= Blockchain oracle =

Off-blockchain source of input data for smart contracts

A blockchain oracle is a third-party service for smart contracts. Oracles provide trusted information based on the outside-world sources to the on-blockchain smart contracts. An oracle typically encapsulates the real-world complexity outside of the blockchain. This provides different engineering advantages, chiefly that critical errors and potential points of failure are easier to mitigate off-chain than on-chain.

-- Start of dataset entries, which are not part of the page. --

(* Assume the following hypothesis: for every $\varepsilon>0$ there is a constant $c_\varepsilon>0$ such that for all sufficiently large real $x$, $$\Psi(x+x^{\varepsilon},x^{\varepsilon})-\Psi(x,x^{\varepsilon})\ge c_\varepsilon x^{\varepsilon}.$$ Then for every $\varepsilon>0$ we have $g(n)<n^{\varepsilon}$ for all sufficiently large integers $n$.
   Context: For real $x,y$, $\Psi(x,y)$ denotes the number of positive integers $\le x$ all of whose prime factors are $\le y$. For integers $n>1$ and $k\ge 1$, say that $(n,k)$ has a prime representation if there are distinct primes $P_1,\dots,P_k$ with $P_j\mid (n+j)$ for $1\le j\le k$. Define $g(n)$ to be the largest positive integer $k$ such that $(n,k)$ has a prime representation. *)

theory Defs
  imports "HOL-Analysis.Analysis" "HOL-Computational_Algebra.Primes"
begin

definition Psi :: "real \<Rightarrow> real \<Rightarrow> nat" where
  "Psi x y = card {m::nat. 1 \<le> m \<and> real m \<le> x \<and>
                    (\<forall>p. prime p \<and> p dvd m \<longrightarrow> real p \<le> y)}"

definition prime_rep :: "nat \<Rightarrow> nat \<Rightarrow> bool" where
  "prime_rep n k \<longleftrightarrow> (\<exists>P :: nat \<Rightarrow> nat. inj_on P {1..k} \<and>
      (\<forall>j\<in>{1..k}. prime (P j) \<and> P j dvd (n + j)))"

definition g :: "nat \<Rightarrow> nat" where
  "g n = (GREATEST k. k \<ge> 1 \<and> prime_rep n k)"

end

theory Submission
  imports Defs
begin

text \<open>
  Put \<open>a = n\<^sup>\<epsilon>\<^sup>/\<^sup>2\<close> and split \<open>(n, n + K]\<close> into about \<open>a/3\<close> blocks of length
  \<open>\<lceil>2a\<rceil>\<close>, so that \<open>K \<approx> 2a\<^sup>2/3 \<le> n\<^sup>\<epsilon>\<close>. A block starting at \<open>x \<in> [n, 2n]\<close> contains
  \<open>(x, x + x\<^sup>\<epsilon>\<^sup>/\<^sup>2]\<close>, so by the hypothesis it holds at least \<open>c a\<close> integers that are
  \<open>2a\<close>-smooth, and \<open>(n, n + K]\<close> holds about \<open>c a\<^sup>2/3\<close> of them. A prime representation
  of \<open>(n, K)\<close> would assign to these integers distinct primes, each at most \<open>2a\<close>; for
  large \<open>n\<close> there are too few such primes, so \<open>g n < K \<le> n\<^sup>\<epsilon>\<close>.
\<close>

definition smooth :: "real \<Rightarrow> nat \<Rightarrow> bool" where
  "smooth y m \<longleftrightarrow> (\<forall>p. prime p \<and> p dvd m \<longrightarrow> real p \<le> y)"

lemma smooth_mono: "smooth y m \<Longrightarrow> y \<le> y' \<Longrightarrow> smooth y' m"
  unfolding smooth_def using order_trans by blast

lemma finite_nat_le_real: "finite {m::nat. real m \<le> z \<and> Q m}"
  by (rule finite_subset[of _ "{..nat \<lceil>z\<rceil>}"])
     (auto simp: nat_le_iff le_ceiling_iff intro: le_nat_iff[THEN iffD2])

lemma Psi_add_minus_Psi:
  assumes "0 \<le> h"
  shows "real (Psi (x + h) y) - real (Psi x y) =
    real (card {m::nat. 1 \<le> m \<and> x < real m \<and> real m \<le> x + h \<and> smooth y m})"
proof -
  define S where "S z = {m::nat. 1 \<le> m \<and> real m \<le> z \<and> smooth y m}" for z
  define B where "B = {m::nat. 1 \<le> m \<and> x < real m \<and> real m \<le> x + h \<and> smooth y m}"
  have "S (x + h) = S x \<union> B" "S x \<inter> B = {}"
    using assms unfolding S_def B_def by auto
  moreover have finite_S: "finite (S z)" for z
    unfolding S_def by (rule finite_subset[OF _ finite_nat_le_real[of z "\<lambda>_. True"]]) auto
  then have "finite B"
    using \<open>S (x + h) = S x \<union> B\<close> by (metis finite_Un)
  ultimately have "card (S (x + h)) = card (S x) + card B"
    using finite_S by (simp add: card_Un_disjoint)
  moreover have "Psi z y = card (S z)" for z
    unfolding Psi_def S_def smooth_def ..
  ultimately show ?thesis
    unfolding B_def by simp
qed

lemma Psi_increment_le_card_block:
  assumes "0 \<le> h" "h \<le> real L" "z \<le> y"
  shows "real (Psi (real k + h) z) - real (Psi (real k) z)
           \<le> real (card {m \<in> {k<..k + L}. smooth y m})"
proof -
  have "{m::nat. 1 \<le> m \<and> real k < real m \<and> real m \<le> real k + h \<and> smooth z m}
          \<subseteq> {m \<in> {k<..k + L}. smooth y m}"
  proof
    fix m assume "m \<in> {m::nat. 1 \<le> m \<and> real k < real m \<and> real m \<le> real k + h \<and> smooth z m}"
    then have "k < m" "real m \<le> real (k + L)" "smooth z m"
      using assms(2) by auto
    then show "m \<in> {m \<in> {k<..k + L}. smooth y m}"
      using assms(3) smooth_mono by (auto simp only: of_nat_le_iff mem_Collect_eq greaterThanAtMost_iff)
  qed
  then show ?thesis
    unfolding Psi_add_minus_Psi[OF assms(1)] by (simp add: card_mono)
qed

lemma card_smooth_blocks_ge:
  fixes b :: real
  assumes "\<And>i. i < M \<Longrightarrow> b \<le> real (card {m \<in> {n + i*L<..n + i*L + L}. smooth y m})"
  shows "real M * b \<le> real (card {m \<in> {n<..n + M*L}. smooth y m})"
  using assms
proof (induction M)
  case 0
  then show ?case by simp
next
  case (Suc M)
  have "{m \<in> {n<..n + Suc M * L}. smooth y m} =
          {m \<in> {n<..n + M*L}. smooth y m} \<union> {m \<in> {n + M*L<..n + M*L + L}. smooth y m}"
    by auto
  then have "card {m \<in> {n<..n + Suc M * L}. smooth y m} =
               card {m \<in> {n<..n + M*L}. smooth y m} + card {m \<in> {n + M*L<..n + M*L + L}. smooth y m}"
    by (simp add: card_Un_disjoint disjoint_iff)
  then show ?case
    using Suc.IH Suc.prems by (fastforce simp: algebra_simps)
qed

lemma prime_rep_mono:
  assumes "prime_rep n k" "k' \<le> k"
  shows "prime_rep n k'"
proof -
  have "{1..k'} \<subseteq> {1..k}"
    using assms(2) by auto
  then show ?thesis
    using assms(1) unfolding prime_rep_def by (meson inj_on_subset subsetD)
qed

lemma prime_rep_one: "1 \<le> n \<Longrightarrow> prime_rep n 1"
proof -
  assume "1 \<le> n"
  then obtain p :: nat where "prime p" "p dvd n + 1"
    using prime_factor_nat[of "n + 1"] by auto
  then show ?thesis
    unfolding prime_rep_def by (intro exI[of _ "\<lambda>_. p"]) auto
qed

lemma g_less_if_not_prime_rep:
  assumes "1 \<le> n" "\<not> prime_rep n K"
  shows "g n < K"
proof -
  have bounded: "k \<le> K" if "prime_rep n k" for k
    using assms(2) prime_rep_mono[OF that] by (meson nat_le_linear)
  have "1 \<le> g n \<and> prime_rep n (g n)"
    unfolding g_def by (rule GreatestI_nat[of _ 1 K]) (use prime_rep_one assms(1) bounded in auto)
  then have "g n \<le> K" "g n \<noteq> K"
    using assms(2) bounded by auto
  then show ?thesis
    by simp
qed

text \<open>The map \<open>m \<mapsto> P\<^bsub>m-n\<^esub>\<close> sends \<open>y\<close>-smooth numbers injectively to primes \<open>\<le> y\<close>.\<close>

lemma card_smooth_le_if_prime_rep:
  assumes "prime_rep n K"
  shows "card {m \<in> {n<..n + K}. smooth y m} \<le> nat \<lfloor>y\<rfloor> + 1"
proof -
  define T where "T = {m \<in> {n<..n + K}. smooth y m}"
  obtain P where inj: "inj_on P {1..K}" and P: "\<And>j. j \<in> {1..K} \<Longrightarrow> prime (P j) \<and> P j dvd n + j"
    using assms unfolding prime_rep_def by blast
  have shift: "m - n \<in> {1..K}" "n + (m - n) = m" if "m \<in> T" for m
    using that unfolding T_def by auto
  have "inj_on (\<lambda>m. P (m - n)) T"
  proof (rule inj_onI)
    fix u v assume "u \<in> T" "v \<in> T" "P (u - n) = P (v - n)"
    then show "u = v"
      using shift inj_onD[OF inj] by metis
  qed
  moreover have "(\<lambda>m. P (m - n)) ` T \<subseteq> {..nat \<lfloor>y\<rfloor>}"
  proof
    fix q assume "q \<in> (\<lambda>m. P (m - n)) ` T"
    then obtain m where m: "m \<in> T" "q = P (m - n)" by auto
    then have "prime q" "q dvd m"
      using P[OF shift(1)] shift(2) by metis+
    then have "real q \<le> y"
      using m(1) unfolding T_def smooth_def by auto
    then show "q \<in> {..nat \<lfloor>y\<rfloor>}"
      by (simp add: le_nat_floor)
  qed
  ultimately have "card T \<le> card {..nat \<lfloor>y\<rfloor>}"
    by (intro card_inj_on_le) auto
  then show ?thesis
    unfolding T_def by simp
qed

lemma powr_le_double_powr:
  fixes u x d :: real
  assumes "0 \<le> u" "u \<le> x" "x \<le> 2 * u" "0 \<le> d" "d \<le> 1"
  shows "x powr d \<le> 2 * u powr d"
proof -
  have "x powr d \<le> (2 * u) powr d"
    using assms by (intro powr_mono2) auto
  also have "\<dots> = 2 powr d * u powr d"
    using assms by (simp add: powr_mult)
  also have "\<dots> \<le> 2 * u powr d"
    using powr_mono[of d 1 2] assms by (intro mult_right_mono) auto
  finally show ?thesis .
qed

lemma g_less_if_many_smooth_in_short_intervals:
  fixes n :: nat and e c :: real
  assumes e: "0 < e" "e \<le> 1" and c: "0 < c" and n: "1 \<le> n"
    and dense: "\<And>x. real n \<le> x \<Longrightarrow>
      c * x powr (e/2) \<le> real (Psi (x + x powr (e/2)) (x powr (e/2))) - real (Psi x (x powr (e/2)))"
    and large: "3 < c * (real n powr (e/2) / 3 - 1)"
  shows "real (g n) < real n powr e"
proof -
  define a where "a = real n powr (e/2)"
  define L where "L = nat \<lceil>2*a\<rceil>"
  define M where "M = nat \<lfloor>a/3\<rfloor>"
  have a: "1 \<le> a"
    unfolding a_def using n e by (simp add: ge_one_powr_ge_zero)
  have "real L = of_int \<lceil>2*a\<rceil>"
    unfolding L_def using a by simp
  then have L: "2*a \<le> real L" "real L \<le> 2*a + 1"
    by simp_all
  have M: "a/3 - 1 \<le> real M" "real M \<le> a/3"
    unfolding M_def using a by linarith+
  have "real (M*L) \<le> a/3 * (2*a + 1)"
    unfolding of_nat_mult using M L a by (intro mult_mono) auto
  also have "\<dots> \<le> a*a"
    using a by (simp add: field_simps)
  finally have span_sq: "real (M*L) \<le> a*a" .
  have "a*a = real n powr e"
    unfolding a_def by (simp add: powr_add[symmetric])
  moreover have "real n powr e \<le> real n"
    using powr_mono[of e 1 "real n"] n e by simp
  ultimately have span_le: "real (M*L) \<le> real n powr e" "M*L \<le> n"
    using span_sq of_nat_le_iff by (simp, linarith)
  have block: "c*a \<le> real (card {m \<in> {n + i*L<..n + i*L + L}. smooth (2*a) m})" if "i < M" for i
  proof -
    define x where "x = real (n + i*L)"
    have "i*L \<le> M*L"
      using that by simp
    then have x: "real n \<le> x" "x \<le> 2 * real n"
      using span_le(2) unfolding x_def by linarith+
    then have xd: "a \<le> x powr (e/2)" "x powr (e/2) \<le> 2*a"
      unfolding a_def using e powr_le_double_powr[of "real n" x "e/2"] by (simp_all add: powr_mono2)
    have "c*a \<le> c * x powr (e/2)"
      using xd c by simp
    also have "\<dots> \<le> real (Psi (x + x powr (e/2)) (x powr (e/2))) - real (Psi x (x powr (e/2)))"
      using dense x by simp
    also have "\<dots> \<le> real (card {m \<in> {n + i*L<..n + i*L + L}. smooth (2*a) m})"
      using Psi_increment_le_card_block[where L = L and k = "n + i*L", folded x_def] xd L by simp
    finally show ?thesis .
  qed
  have "2*a + 1 \<le> 3*a"
    using a by simp
  also have "\<dots> < c * (a/3 - 1) * a"
    using large a n unfolding a_def by (intro mult_strict_right_mono) simp_all
  also have "\<dots> \<le> real M * (c*a)"
    using M c a by (simp add: mult_right_mono)
  also have "\<dots> \<le> real (card {m \<in> {n<..n + M*L}. smooth (2*a) m})"
    using block by (rule card_smooth_blocks_ge)
  finally have many: "2*a + 1 < real (card {m \<in> {n<..n + M*L}. smooth (2*a) m})" .
  have "\<not> prime_rep n (M*L)"
  proof
    assume "prime_rep n (M*L)"
    then have "card {m \<in> {n<..n + M*L}. smooth (2*a) m} \<le> nat \<lfloor>2*a\<rfloor> + 1"
      by (rule card_smooth_le_if_prime_rep)
    then have "real (card {m \<in> {n<..n + M*L}. smooth (2*a) m}) \<le> real (nat \<lfloor>2*a\<rfloor> + 1)"
      by (rule of_nat_mono)
    moreover have "real (nat \<lfloor>2*a\<rfloor> + 1) \<le> 2*a + 1"
      using a by simp
    ultimately show False
      using many by linarith
  qed
  then have "g n < M*L"
    by (rule g_less_if_not_prime_rep[OF n])
  then show ?thesis
    using span_le(1) by linarith
qed

lemma eventually_powr_gt:
  fixes d C :: real
  assumes "0 < d"
  shows "\<forall>\<^sub>F n in sequentially. C < real n powr d"
proof -
  have "filterlim (\<lambda>n::nat. exp (d * ln (real n))) at_top sequentially"
    using assms
    by (intro filterlim_compose[OF exp_at_top] filterlim_tendsto_pos_mult_at_top[OF tendsto_const]
        filterlim_compose[OF ln_at_top] filterlim_real_sequentially)
  then have "\<forall>\<^sub>F n in sequentially. C < exp (d * ln (real n))"
    by (simp add: filterlim_at_top_dense)
  moreover have "\<forall>\<^sub>F n in sequentially. real n powr d = exp (d * ln (real n))"
    using eventually_gt_at_top[of 0] by eventually_elim (simp add: powr_def mult.commute)
  ultimately show ?thesis
    by eventually_elim simp
qed

theorem theorem1p2:
  assumes hyp: "\<And>\<epsilon>::real. \<epsilon> > 0 \<Longrightarrow> \<exists>c>0. \<forall>\<^sub>F x in at_top.
      real (Psi (x + x powr \<epsilon>) (x powr \<epsilon>)) - real (Psi x (x powr \<epsilon>)) \<ge> c * x powr \<epsilon>"
  shows "\<And>\<epsilon>::real. \<epsilon> > 0 \<Longrightarrow> \<forall>\<^sub>F n in sequentially. real (g n) < real n powr \<epsilon>"
proof -
  fix \<epsilon> :: real assume "\<epsilon> > 0"
  define e where "e = min \<epsilon> 1"
  have e: "0 < e" "e \<le> 1" "e \<le> \<epsilon>"
    using \<open>\<epsilon> > 0\<close> by (auto simp: e_def)
  obtain c X where c: "0 < c" and dense: "\<And>x. X \<le> x \<Longrightarrow>
      c * x powr (e/2) \<le> real (Psi (x + x powr (e/2)) (x powr (e/2))) - real (Psi x (x powr (e/2)))"
    using hyp[of "e/2"] e unfolding eventually_at_top_linorder by auto
  have "\<forall>\<^sub>F n in sequentially. 3 * (3/c + 1) < real n powr (e/2) \<and> X \<le> real n \<and> 1 \<le> n"
    using e by (intro eventually_conj eventually_powr_gt eventually_ge_at_top
        filterlim_real_sequentially[unfolded filterlim_at_top, rule_format]) auto
  then show "\<forall>\<^sub>F n in sequentially. real (g n) < real n powr \<epsilon>"
  proof eventually_elim
    case (elim n)
    then have "3 < c * (real n powr (e/2) / 3 - 1)"
      using c by (simp add: field_simps)
    then have "real (g n) < real n powr e"
      using elim e c dense by (intro g_less_if_many_smooth_in_short_intervals) auto
    also have "\<dots> \<le> real n powr \<epsilon>"
      using elim e by (intro powr_mono) auto
    finally show ?case .
  qed
qed

end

For example, in a contract to automatically purchase bitcoins at a predetermined price, the fulfillment condition is based on the current exchange rate for the bitcoin; an off-chain oracle can constantly monitor the price to provide the triggering condition to the contract.

== Examples ==
Kustov and Selanteva list the following types of oracles:
- a program, external to the blockchain that can provide, for example, sports results for betting or traffic camera information for ticketing the offenders;
- a unit oracle that is built-in into a physical sensor (for example, the same traffic camera);
- an entry oracle executes the code that is actually stored on-chain and provides the result (say, the bitcoin price matching the condition) as an input to the contract;
- an exit oracle handles the results of the smart contract (for example, paying a fee) by manipulating a real-world device (say, opening a door). Its code can also be stored on-chain;
- an oracle agreement is an aggregator of many oracles to determine the condition when the real-world oracles disagree.

== Concerns ==
If an oracle relies on a single source of truth (centralized), that can lead to issues: the data source can be hacked in a man-in-the-middle attack, or altered by its owner, in order to sway smart contracts. Decentralized oracles (consensus oracles) increase the reliability of the information provided to smart contracts by querying multiple data sources, thus distributing trust between participants. However, this does not achieve trustlessness, since oracles are not part of the main blockchain consensus, and thus not part of the security mechanisms of public blockchains.

==Sources==
- Kustov, Vladimir Nikolaevich (2022). "Utilizing Blockchain Technologies in Manufacturing and Logistics Management"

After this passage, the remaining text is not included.